Our research encompasses three focus areas:

1. Roles of non-coding RNAs in anti-viral responses.
   We study the interactions between viruses (namely EBV) and the RNAi machinery to identify miRNA targets and miRNA-targeted signaling pathways. Through functional in vitro studies, we have shown that multiple g-herpesvirus miRNAs disrupt pro-inflammatory cytokine signaling.  We are actively pursuing additional miRNA targets, identified by high-throughput screens (i.e. PAR-CLIP, NGS), that are associated with cellular responses to virus infection.

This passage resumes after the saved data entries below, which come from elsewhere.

(* For every point of $\mathbb{R}^8$ and every $\mathfrak{g}$-valued $2$-form $\varphi \in \Lambda^2_+\mathbb{R}^8\otimes\mathfrak{g}$ at that point, \[\sum_{k,l=1}^8 e_k \wedge [F_B(e_k,e_l), i_{e_l}\varphi] \in \Lambda^2_+\mathbb{R}^8 \otimes \mathfrak{g},\] where $F_B$ is the curvature of the connection $B$ described in the context and the bracket is the Lie bracket of $\mathfrak{g}$.
   Context: Write $\mathbb{R}^8 = E \oplus E^\perp$ with orthonormal basis $e_1,\dots,e_4$ of $E$ and $e_1^\perp,\dots,e_4^\perp$ of $E^\perp$; set $e_5=e_1^\perp,\dots,e_8=e_4^\perp$; vectors are identified with covectors via the Euclidean metric; coordinates are $(x,y)$ with $x\in E$ and $y=\sum_k y_k e_k^\perp \in E^\perp$. The $4$-form $\Omega$ is $\Omega = -e_1 e_2 e_1^\perp e_2^\perp - e_1 e_2 e_3^\perp e_4^\perp - e_3 e_4 e_1^\perp e_2^\perp - e_3 e_4 e_3^\perp e_4^\perp + e_1 e_3 e_2^\perp e_4^\perp - e_1 e_3 e_1^\perp e_3^\perp - e_2 e_4 e_2^\perp e_4^\perp + e_2 e_4 e_1^\perp e_3^\perp - e_1 e_4 e_2^\perp e_3^\perp - e_1 e_4 e_1^\perp e_4^\perp - e_2 e_3 e_2^\perp e_3^\perp - e_2 e_3 e_1^\perp e_4^\perp + e_1 e_2 e_3 e_4 + e_1^\perp e_2^\perp e_3^\perp e_4^\perp$ (juxtaposition = wedge). With $*$ the Euclidean Hodge star (orientation $e_1\wedge\dots\wedge e_4\wedge e_1^\perp\wedge\dots\wedge e_4^\perp$), $\Lambda^2_+\mathbb{R}^8 = \{\varphi: 3\varphi - *(\Omega\wedge\varphi)=0\}$. Let $\mathfrak{g}\subset \mathfrak{so}(E^\perp)$ be the Lie algebra spanned by $\mathfrak{i},\mathfrak{j},\mathfrak{k}$, where $\mathfrak{i}(e_1^\perp)=-e_2^\perp, \mathfrak{i}(e_2^\perp)=e_1^\perp, \mathfrak{i}(e_3^\perp)=e_4^\perp, \mathfrak{i}(e_4^\perp)=-e_3^\perp$; $\mathfrak{j}(e_1^\perp)=-e_3^\perp, \mathfrak{j}(e_2^\perp)=-e_4^\perp, \mathfrak{j}(e_3^\perp)=e_1^\perp, \mathfrak{j}(e_4^\perp)=e_2^\perp$; $\mathfrak{k}(e_1^\perp)=-e_4^\perp, \mathfrak{k}(e_2^\perp)=e_3^\perp, \mathfrak{k}(e_3^\perp)=-e_2^\perp, \mathfrak{k}(e_4^\perp)=e_1^\perp$. Fix $\varepsilon>0$. $B$ is the $\mathfrak{g}$-valued $1$-form (connection $d+B$) on $\mathbb{R}^8$ with $B(e_i)=0$ for $1\le i\le 4$ and $B(e_1^\perp)=\frac{-y_2\mathfrak{i}-y_3\mathfrak{j}-y_4\mathfrak{k}}{\varepsilon^2+|y|^2}$, $B(e_2^\perp)=\frac{y_1\mathfrak{i}-y_4\mathfrak{j}+y_3\mathfrak{k}}{\varepsilon^2+|y|^2}$, $B(e_3^\perp)=\frac{y_4\mathfrak{i}+y_1\mathfrak{j}-y_2\mathfrak{k}}{\varepsilon^2+|y|^2}$, $B(e_4^\perp)=\frac{-y_3\mathfrak{i}+y_2\mathfrak{j}+y_1\mathfrak{k}}{\varepsilon^2+|y|^2}$. Its curvature is $F_B = dB + \frac12[B\wedge B]$, a $\mathfrak{g}$-valued $2$-form. *)

theory Defs
  imports "HOL-Analysis.Analysis"
begin
(* Compare |l v|, |v / l|, |(l - 1) v| and |(l + 1) v| with a
   shortest nonzero v in T. *)
lemma multiplier_admissible:
  fixes T :: "complex set"
  assumes diff: "\<And>x y. x \<in> T \<Longrightarrow> y \<in> T \<Longrightarrow> x - y \<in> T"
    and fin: "\<And>r. finite {t \<in> T. norm t \<le> r}"
    and nontrivial: "\<tau> \<in> T" "\<tau> \<noteq> 0"
    and l: "l \<noteq> 0" and mult: "\<And>t. t \<in> T \<Longrightarrow> l * t \<in> T" and div: "\<And>t. t \<in> T \<Longrightarrow> t / l \<in> T"
  shows "admissible l"
proof -
  obtain v where v: "v \<in> T" "v \<noteq> 0" and shortest: "\<And>t. t \<in> T \<Longrightarrow> t \<noteq> 0 \<Longrightarrow> norm v \<le> norm t"
    using shortest_nonzero_element[OF fin nontrivial] by blast
  have expanding: "1 \<le> norm c" if "c * v \<in> T" "c \<noteq> 0" for c
  proof -
    have "norm v \<le> norm c * norm v" using shortest[OF that(1)] that(2) v(2) by (simp add: norm_mult)
    then show ?thesis using v(2) by simp
  qed
  have minus_v: "- v \<in> T" using diff[OF diff[OF v(1) v(1)] v(1)] by simp
  have "1 \<le> norm l" using expanding[of l] mult[OF v(1)] l by simp
  moreover have "1 \<le> norm (1 / l)" using expanding[of "1 / l"] div[OF v(1)] l by simp
  then have "norm l \<le> 1" using l by (simp add: norm_divide le_divide_eq)
  ultimately have "norm l = 1" by simp
  moreover have "1 \<le> norm (l - 1)" if "l \<noteq> 1"
    using expanding[of "l - 1"] diff[OF mult[OF v(1)] v(1)] that by (simp add: algebra_simps)
  moreover have "1 \<le> norm (l + 1)" if "l \<noteq> -1"
  proof (rule expanding)
    show "(l + 1) * v \<in> T" using diff[OF mult[OF v(1)] minus_v] by (simp add: algebra_simps)
    show "l + 1 \<noteq> 0" using that by (simp add: add_eq_0_iff2)
  qed
  ultimately show ?thesis by (rule admissibleI)
qed

(* The additive subgroup Z + Z z of C.  For z = i and z = zeta these are the Gaussian and
   Eisenstein integers. *)
definition int_lattice :: "complex \<Rightarrow> complex set" where
  "int_lattice z = {of_int m + of_int n * z | m n. True}"

lemma int_lattice_one: "1 \<in> int_lattice z"
  unfolding int_lattice_def by (rule CollectI, rule exI[of _ 1], rule exI[of _ 0]) simp

lemma int_lattice_gen: "z \<in> int_lattice z"
  unfolding int_lattice_def by (rule CollectI, rule exI[of _ 0], rule exI[of _ 1]) simp

lemma int_lattice_diff:
  assumes "x \<in> int_lattice z" "y \<in> int_lattice z"
  shows "x - y \<in> int_lattice z"
proof -
  obtain m n m' n' where "x = of_int m + of_int n * z" "y = of_int m' + of_int n' * z"
    using assms unfolding int_lattice_def by blast
  then have "x - y = of_int (m - m') + of_int (n - n') * z" by (simp add: algebra_simps)
  then show ?thesis unfolding int_lattice_def by blast
qed

lemma int_lattice_uminus: "x \<in> int_lattice z \<Longrightarrow> - x \<in> int_lattice z"
  using int_lattice_diff[OF int_lattice_diff] by fastforce

lemma int_lattice_mult:
  assumes quadratic: "z * z = of_int p + of_int q * z"
    and "x \<in> int_lattice z" "y \<in> int_lattice z"
  shows "x * y \<in> int_lattice z"
proof -
  obtain m n m' n' where x: "x = of_int m + of_int n * z" and y: "y = of_int m' + of_int n' * z"
    using assms(2,3) unfolding int_lattice_def by blast
  have "x * y = of_int (m * m') + of_int (m * n' + n * m') * z + of_int (n * n') * (z * z)"
    unfolding x y by (simp add: algebra_simps)
  also have "\<dots> = of_int (m * m' + n * n' * p) + of_int (m * n' + n * m' + n * n' * q) * z"
    unfolding quadratic by (simp add: algebra_simps)
  finally show ?thesis unfolding int_lattice_def by blast
qed

lemma int_lattice_norm_ge_one:
  assumes integral_norm: "\<And>m n. \<exists>k::int. (cmod (of_int m + of_int n * z))^2 = of_int k"
    and w: "w \<in> int_lattice z" "w \<noteq> 0"
  shows "1 \<le> norm w"
proof -
  obtain k :: int where k: "(norm w)^2 = of_int k"
    using w(1) integral_norm unfolding int_lattice_def by blast
  have "0 < (norm w)^2" using w(2) by simp
  then have "1 \<le> (norm w)^2" using k by simp
  then show ?thesis by (metis norm_ge_zero power2_le_imp_le one_power2)
qed

lemma gaussian_norm_ge_one: "w \<in> int_lattice \<i> \<Longrightarrow> w \<noteq> 0 \<Longrightarrow> 1 \<le> norm w"
proof (rule int_lattice_norm_ge_one)
  fix m n :: int
  show "\<exists>k::int. (cmod (of_int m + of_int n * \<i>))^2 = of_int k"
    by (rule exI[of _ "m^2 + n^2"]) (simp add: cmod_power2)
qed

lemma eisenstein_norm_ge_one: "w \<in> int_lattice zeta \<Longrightarrow> w \<noteq> 0 \<Longrightarrow> 1 \<le> norm w"
proof (rule int_lattice_norm_ge_one)
  fix m n :: int
  have "(cmod (of_int m + of_int n * zeta))^2 = (m + n / 2)^2 + (n * sqrt 3 / 2)^2"
    by (simp add: cmod_power2 zeta_def)
  also have "\<dots> = of_int (m^2 + m * n + n^2)" by (simp add: power2_eq_square algebra_simps)
  finally show "\<exists>k::int. (cmod (of_int m + of_int n * zeta))^2 = of_int k" ..
qed

lemma zeta_sq: "zeta * zeta = zeta - 1"
  by (simp add: zeta_def complex_eq_iff)
lemma (in cring) nat_pow_regular_mod_maximalideal_pow:
  assumes P: "maximalideal P R" and r: "r \<in> carrier R" and "c \<le> n"
  shows "\<exists>w\<in>carrier R. r [^] n \<otimes> (\<one> \<ominus> r [^] n \<otimes> w) \<in> ideal_pow R P c"
proof -
  interpret P: maximalideal P R by (rule P)
  interpret Pc: ideal "ideal_pow R P c" R by (rule ideal_ideal_pow[OF P.is_ideal])
  have rn: "r [^] n \<in> carrier R"
    using r by simp
  show ?thesis
  proof (cases "r \<in> P")
    case True
    have "r [^] n = r [^] (n - c) \<otimes> r [^] c"
      using r \<open>c \<le> n\<close> by (simp add: nat_pow_mult)
    then have "r [^] n \<in> ideal_pow R P c"
      using nat_pow_in_ideal_pow[OF P.is_ideal True] r by (simp add: Pc.I_l_closed)
    then show ?thesis
      using rn by (intro bexI[of _ \<zero>]) (simp_all add: Pc.I_r_closed a_minus_def)
  next
    case False
    then have "r [^] n \<notin> P"
      using primeideal.nat_pow_notin[OF maximalideal_prime[OF P] r] by blast
    then obtain y where y: "y \<in> carrier R" "\<one> \<ominus> r [^] n \<otimes> y \<in> P"
      using maximalideal_inverse_mod[OF P rn] by blast
    obtain z where z: "z \<in> carrier R" "(\<one> \<ominus> r [^] n \<otimes> y) [^] c = \<one> \<ominus> r [^] n \<otimes> z"
      using one_minus_mult_pow[OF rn y(1)] by blast
    have "\<one> \<ominus> r [^] n \<otimes> z \<in> ideal_pow R P c"
      using nat_pow_in_ideal_pow[OF P.is_ideal y(2), of c] unfolding z(2) .
    then show ?thesis
      using rn z(1) by (blast intro: Pc.I_l_closed)
  qed
qed

lemma (in cring) regular_mod_Int:
  assumes "ideal J R" "ideal K R" and a: "a \<in> carrier R"
    and w: "w \<in> carrier R" "a \<otimes> (\<one> \<ominus> a \<otimes> w) \<in> J"
    and w': "w' \<in> carrier R" "a \<otimes> (\<one> \<ominus> a \<otimes> w') \<in> K"
  shows "\<exists>w''\<in>carrier R. a \<otimes> (\<one> \<ominus> a \<otimes> w'') \<in> J \<inter> K"
proof
  let ?w'' = "w \<oplus> w' \<ominus> a \<otimes> w \<otimes> w'"
  have "a \<otimes> (\<one> \<ominus> a \<otimes> ?w'') = (a \<otimes> (\<one> \<ominus> a \<otimes> w)) \<otimes> (\<one> \<ominus> a \<otimes> w')"
    using a w(1) w'(1) by algebra
  then have in_J: "a \<otimes> (\<one> \<ominus> a \<otimes> ?w'') \<in> J"
    using ideal.I_r_closed[OF assms(1) w(2)] a w'(1) by simp
  have "a \<otimes> (\<one> \<ominus> a \<otimes> ?w'') = (\<one> \<ominus> a \<otimes> w) \<otimes> (a \<otimes> (\<one> \<ominus> a \<otimes> w'))"
    using a w(1) w'(1) by algebra
  then have "a \<otimes> (\<one> \<ominus> a \<otimes> ?w'') \<in> K"
    using ideal.I_l_closed[OF assms(2) w'(2)] a w(1) by simp
  with in_J show "a \<otimes> (\<one> \<ominus> a \<otimes> ?w'') \<in> J \<inter> K"
    by blast
  show "?w'' \<in> carrier R"
    using a w(1) w'(1) by simp
qed

lemma (in cring) regular_mod_INTER:
  assumes "finite S" and "\<And>i. i \<in> S \<Longrightarrow> ideal (J i) R" and a: "a \<in> carrier R"
    and "\<And>i. i \<in> S \<Longrightarrow> \<exists>w\<in>carrier R. a \<otimes> (\<one> \<ominus> a \<otimes> w) \<in> J i"
  shows "\<exists>w\<in>carrier R. a \<otimes> (\<one> \<ominus> a \<otimes> w) \<in> carrier R \<inter> (\<Inter>i\<in>S. J i)"
  using assms(1,2,4)
proof (induct S rule: finite_induct)
  case empty
  show ?case
    using a by (intro bexI[of _ \<zero>]) simp_all
next
  case (insert i S)
  obtain w where w: "w \<in> carrier R" "a \<otimes> (\<one> \<ominus> a \<otimes> w) \<in> J i"
    using insert.prems(2) by blast
  obtain w' where w': "w' \<in> carrier R" "a \<otimes> (\<one> \<ominus> a \<otimes> w') \<in> carrier R \<inter> (\<Inter>i\<in>S. J i)"
    using insert.hyps(3) insert.prems by blast
  have "ideal (J i) R"
    using insert.prems(1) by blast
  moreover have "ideal (carrier R \<inter> (\<Inter>i\<in>S. J i)) R"
    using insert.prems(1) by (intro ideal_carrier_Int_INTER) blast
  ultimately obtain w'' where "w'' \<in> carrier R"
    "a \<otimes> (\<one> \<ominus> a \<otimes> w'') \<in> J i \<inter> (carrier R \<inter> (\<Inter>i\<in>S. J i))"
    using regular_mod_Int[OF _ _ a w w'] by blast
  then show ?case
    by blast
qed

lemma (in ideal) rcos_regular:
  assumes "cring R" and a: "a \<in> carrier R" and w: "w \<in> carrier R"
    and "a \<otimes> (\<one> \<ominus> a \<otimes> w) \<in> I"
  shows "I +> a = ((I +> w) \<otimes>\<^bsub>R Quot I\<^esub> (I +> a)) \<otimes>\<^bsub>R Quot I\<^esub> (I +> a)"
proof -
  interpret cring R by fact
  have "a \<otimes> (\<one> \<ominus> a \<otimes> w) = a \<ominus> (w \<otimes> a) \<otimes> a"
    using a w by algebra
  then have "a \<ominus> (w \<otimes> a) \<otimes> a \<in> I"
    using assms(4) by simp
  then have "I +> a = I +> ((w \<otimes> a) \<otimes> a)"
    using quotient_eq_iff_same_a_r_cos[OF is_ideal a] a w by simp
  also have "\<dots> = ((I +> w) \<otimes>\<^bsub>R Quot I\<^esub> (I +> a)) \<otimes>\<^bsub>R Quot I\<^esub> (I +> a)"
    using ring_hom_mult[OF rcos_ring_hom] a w by simp
  finally show ?thesis .
qed

lemma ideal_module_simps [simp]:
  "carrier (ideal_module A J) = J"
  "x \<oplus>\<^bsub>ideal_module A J\<^esub> y = x \<oplus>\<^bsub>A\<^esub> y"
  "\<zero>\<^bsub>ideal_module A J\<^esub> = \<zero>\<^bsub>A\<^esub>"
  "a \<odot>\<^bsub>ideal_module A J\<^esub> x = a \<otimes>\<^bsub>A\<^esub> x"
  by (simp_all add: ideal_module_def)

lemma (in cring) module_ideal_module:
  assumes "ideal J R"
  shows "module R (ideal_module R J)"
proof -
  interpret J: ideal J R by fact
  have "abelian_group (ideal_module R J)"
  proof (rule abelian_groupI)
    fix x assume "x \<in> carrier (ideal_module R J)"
    then show "\<exists>y\<in>carrier (ideal_module R J). y \<oplus>\<^bsub>ideal_module R J\<^esub> x = \<zero>\<^bsub>ideal_module R J\<^esub>"
      by (intro bexI[of _ "\<ominus> x"]) (simp_all add: J.Icarr l_neg)
  qed (auto simp: J.a_closed J.Icarr a_ac)
  then show ?thesis
    by (rule moduleI[OF is_cring]) (auto simp: J.I_l_closed J.Icarr l_distr r_distr m_assoc)
qed

lemma (in cring) projective_ideal_module:
  assumes J: "ideal J R" and e: "e \<in> J" and unit: "\<And>x. x \<in> J \<Longrightarrow> x \<otimes> e = x"
  shows "projective_module R (ideal_module R J)"
proof -
  interpret J: ideal J R by (rule J)
  interpret M: abelian_group "ideal_module R J"
    using module_ideal_module[OF J] by (rule module.axioms(2))
  define s where "s = (\<lambda>x z. if z = e then x else \<zero>)"
  have support: "{z \<in> J. s x z \<noteq> \<zero>} = (if x = \<zero> then {} else {e})" for x
    using e by (auto simp: s_def)
  show ?thesis
    unfolding projective_module_def
  proof (intro conjI exI[of _ s] ballI module_ideal_module[OF J])
    fix x assume x: "x \<in> carrier (ideal_module R J)"
    have "finite {z. s x z \<noteq> \<zero>}"
      by (rule finite_subset[of _ "{e}"]) (auto simp: s_def)
    then show "s x \<in> free_on_carrier R (ideal_module R J)"
      using x e by (auto simp: free_on_carrier_def s_def J.Icarr)
  next
    fix x y
    show "s (x \<oplus>\<^bsub>ideal_module R J\<^esub> y) = (\<lambda>z. s x z \<oplus> s y z)"
      by (auto simp: s_def)
  next
    fix a x assume "a \<in> carrier R" "x \<in> carrier (ideal_module R J)"
    then show "s (a \<odot>\<^bsub>ideal_module R J\<^esub> x) = (\<lambda>z. a \<otimes> s x z)"
      by (auto simp: s_def)
  next
    fix x assume x: "x \<in> carrier (ideal_module R J)"
    show "finsum (ideal_module R J) (\<lambda>z. s x z \<odot>\<^bsub>ideal_module R J\<^esub> z)
        {z \<in> carrier (ideal_module R J). s x z \<noteq> \<zero>} = x"
    proof (cases "x = \<zero>")
      case True
      have "{z \<in> carrier (ideal_module R J). s x z \<noteq> \<zero>} = {}"
        using support[of x] True by simp
      then show ?thesis
        using True by (simp only: M.finsum_empty ideal_module_simps)
    next
      case False
      have "s x e \<odot>\<^bsub>ideal_module R J\<^esub> e = x"
        using x unit by (simp add: s_def)
      moreover have "{z \<in> carrier (ideal_module R J). s x z \<noteq> \<zero>} = {e}"
        using support[of x] False by simp
      ultimately show ?thesis
        using e x by (simp add: s_def)
    qed
  qed
qed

2. Molecular determinants of g-herpesvirus latency and reactivation.
   We examine how post-transcriptional regulatory processes shape the EBV life cycle, specifically during cell state transitions such as the latent to lytic switch.  In gain and loss of function studies, we have determined that a subset of virus-encoded small RNAs influence EBV lytic reactivation through regulation of B cell receptor signaling.  Ongoing mechanistic studies are aimed at determining how viral ncRNAs participate in viral persistence in vivo.

3. Co-infections and viral oncogenesis.
   In collaboration with other labs at the VGTI, we examine molecular mechanisms contributing to AIDS-defining cancers in models of g-herpesvirus infection. Studies include longitudinal miRNA profiling to delineate associations with viral disease progression.